As the November days draw in and the temperature falls, Year of Food and Drink Scotland celebrates comfort foods.
As a country with a cool climate, Scotland is known for its soups and broths. Simmered over the fire for hours in a large pot or cauldron, they were the mainstay of Scottish cookery for centuries.
Thrifty Scots traditionally make the best of their resources and avoid waste. Using simple and readily-available ingredients, these dishes produce nutritious, comforting and warming meals cooked in a single pot.

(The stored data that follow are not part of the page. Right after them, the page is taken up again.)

lemma p_divisible_frobenius_nth:
  "p_integral_upto p n f \<Longrightarrow> p_divisible p ((f ^ p) $ n - (f oo fps_X ^ p) $ n)"
proof (induction n arbitrary: f rule: less_induct)
  case (less n f)
  define A where "A = fps_const (f $ 0)"
  define g where "g = fps_shift 1 f"
  define B where "B = fps_X * g"
  have f: "f = A + B" by (auto simp: fps_eq_iff A_def B_def g_def)
  have A_int: "p_integral_upto p n A" and B_int: "p_integral_upto p n B"
    using less.prems by (auto simp: p_integral_upto_def A_def B_def g_def)
  have X_p_0: "(fps_X ^ p :: rat fps) $ 0 = 0" using p_gt_1 by simp
  have "A oo fps_X ^ p = A" by (simp add: A_def)
  moreover have "B oo fps_X ^ p = fps_X ^ p * (g oo fps_X ^ p)"
    by (simp add: B_def fps_compose_mult_distrib[OF X_p_0] fps_X_fps_compose_startby0[OF X_p_0])
  ultimately have "f oo fps_X ^ p = A + fps_X ^ p * (g oo fps_X ^ p)"
    by (metis f fps_compose_add_distrib)
  moreover have "B ^ p = fps_X ^ p * g ^ p" by (simp add: B_def power_mult_distrib)
  ultimately have split: "(f ^ p) $ n - (f oo fps_X ^ p) $ n =
      (((A + B) ^ p) $ n - (A ^ p) $ n - (B ^ p) $ n) + ((A ^ p) $ n - A $ n)
      + ((fps_X ^ p * g ^ p) $ n - (fps_X ^ p * (g oo fps_X ^ p)) $ n)"
    by (simp add: f)
  have "p_divisible p ((A ^ p) $ n - A $ n)"
    using p_divisible_fermat less.prems by (cases n) (auto simp: A_def p_integral_upto_def fps_const_power)
  moreover have "p_divisible p ((fps_X ^ p * g ^ p) $ n - (fps_X ^ p * (g oo fps_X ^ p)) $ n)"
  proof (cases "n < p")
    case False
    then have "p_integral_upto p (n - p) g"
      using less.prems p_gt_1 by (auto simp: p_integral_upto_def g_def)
    then show ?thesis using less.IH[of "n - p" g] False p_gt_1 by (simp add: fps_X_power_mult_nth)
  qed (simp add: fps_X_power_mult_nth)
  ultimately show ?case
    unfolding split by (intro p_divisible_add p_divisible_power_add_nth A_int B_int)
qed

Recipe of the month from the Library's collections: Hotch Potch
Hotch Potch is a traditional soup, but it can also be a stew. The dish was so common that, when he visited Scotland in 1868, Henry Underhill commented that 'dinner commenced with the inevitable Hotch pot, a remarkably good and comforting soup'.
Margaret Hume Campbell's 1754 high-class version of this nutritious one-pot meal is stuffed with meats and vegetables. Ordinary Scots might have pieces of meat or fowl in good times, but scraps when times were hard. Whatever vegetables were to hand were stirred in during the long hours of cooking and the liquid thickened with grains or oatmeal to provide a simple meal in a bowl.
'To Make a Hotch Potch'
To Make a Hotch Potch, take Beef, Mutton, veal, &, pork. Stew all these together to a strong gravy then take two or three chop's of Mutton, & the same of Beef, put them into the stew pan with a little burnt Butter then put in your gravie & two or three onions, & Salary, Endive, Carrots, turnip's, & a little Spinage stew all these together, till they are tender scum of the fat before you put it in the dish, make your gravie as for soop.